Chronic Treatment with Quercetin does not Inhibit Angiotensin‐Converting Enzyme In Vivo or In Vitro

  The precise mechanisms explaining the anti‐hypertensive effects produced by quercetin are not fully known. Here, we tested the hypothesis that chronic quercetin treatment inhibits the angiotensin‐converting enzyme (ACE). We examined whether quercetin treatment for 14 days reduces in vivo responses to angiotensin I or enhances the responses to bradykinin in anaesthetised rats. We measured the changes in systemic arterial pressure induced by angiotensin I in doses of 0.03–10 μg/kg, by angiotensin II in doses of 0.01–3 μg/kg, and to bradykinin in doses of 0.03–10 μg/kg in anaesthetised rats pre‐treated with vehicle (controls), or daily quercetin 10 mg/kg intraperitoneally for 14 days, or a single i.v. dose of captopril 2 mg/kg. Plasma ACE activity was determined by a fluorometric method. Plasma quercetin concentrations were assessed by high performance liquid chromatography. Quercetin treatment induced no significant changes in the hypertensive responses to angiotensin I and angiotensin II, as well in the hypotensive responses to bradykinin (all p >  0.05).
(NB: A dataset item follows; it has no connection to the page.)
(* Consider the stochastic $K$-armed bandit with losses supported in $[0,1]$ and run the Regularized-EXP3 algorithm described in the context with mirror map $\phi_\alpha$, $\alpha\in[0,1]$, and parameters $\eta,\lambda>0$ and $\varepsilon>0$ with $K\varepsilon\le1$. Then for every $y\in\Delta_\varepsilon$, $$\mathbb E\left[f_{\lambda,\varepsilon}(\overline x_T)-f_{\lambda,\varepsilon}(y)\right]\le\mathbb E\left[\frac{D_{\phi_\alpha}(y,x_1)}{\eta T}+\frac\eta T\sum_{t=1}^T\|\widehat\ell_t\|^2_{x_t,\alpha}+\frac{\eta\lambda^2}{T}\sum_{t=1}^T\|\nabla R_\varepsilon(x_t)\|^2_{x_t,\alpha}\right],$$ where $\|v\|^2_{x_t,\alpha}=\sum_{i=1}^Kv_i^2x_{t,i}^{2-\alpha}$ and $\overline x_T=\frac1T\sum_{t=1}^Tx_t$.
   Context: Stochastic $K$-armed bandit: arm $a$ has loss distribution $\mathcal P_a$ on $[0,1]$ with mean $\mu_a$; at round $t$ the learner picks $A_t$ and observes $\ell_t\sim\mathcal P_{A_t}$. $f_{\lambda,\varepsilon}(x)=\langle\mu,x\rangle+\lambda R_\varepsilon(x)$ with $R_\varepsilon(x)=-\sum_i\ln x_i+\frac1\varepsilon\sum_ix_i$. $\Delta_\varepsilon=\{x\in\mathbb R^K: x_j\ge\varepsilon\ \forall j,\ \sum_jx_j=1\}$. Mirror maps on $\mathbb R^K_{>0}$: $\phi_\alpha(x)=-\sum_i\frac{x_i^\alpha-\alpha x_i-(1-\alpha)}{\alpha(1-\alpha)}$ for $0<\alpha<1$, $\phi_0(x)=-\sum_i(\log x_i-x_i+1)$, $\phi_1(x)=\sum_i(x_i\log x_i-x_i+1)$. $D_\phi(x,y)=\phi(x)-\phi(y)-\langle\nabla\phi(y),x-y\rangle$. Regularized-EXP3: $z_1=(1/K,\dots,1/K)$; for $t=1,\dots,T$: $x_t=\arg\min_{x\in\Delta_\varepsilon}D_\phi(x,z_t)$ (so $x_1=z_1$); draw $A_t$ with $\mathbb P(A_t=j\mid\text{past})=x_{t,j}$, observe $\ell_t$; $\widehat\ell_{t,j}=\mathbb I\{A_t=j\}\ell_t/x_{t,j}$; $\widetilde\ell_t=\widehat\ell_t+\lambda\nabla R_\varepsilon(x_t)$; $z_{t+1}=\arg\min_x\{\eta\langle\widetilde\ell_t,x\rangle+D_\phi(x,x_t)\}$. *)

theory Defs
  imports "HOL-Probability.Probability"
begin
Conversely, as expected, a single dose of captopril inhibited the hypertensive responses to angiotensin I and potentiated the bradykinin responses (all p <  0.01), while no change was found in the vascular responses to angiotensin II (all p >  0.05). In addition, although we found significant amounts of quercetin in plasma samples (mean = 206 ng/mL), no significant differences were found in plasma ACE activity in rats treated with quercetin compared with those found in the control group (50 ± 6 his‐leu nmol/min/mL and 40 ± 7 his‐leu nmol/min/mL, respectively; p >  0.05). These findings provide strong evidence indicating that quercetin does not inhibit ACE in vivo or in vitro and indicate that other mechanisms are probably involved in the antihypertensive and protective cardiovascular effects associated with quercetin.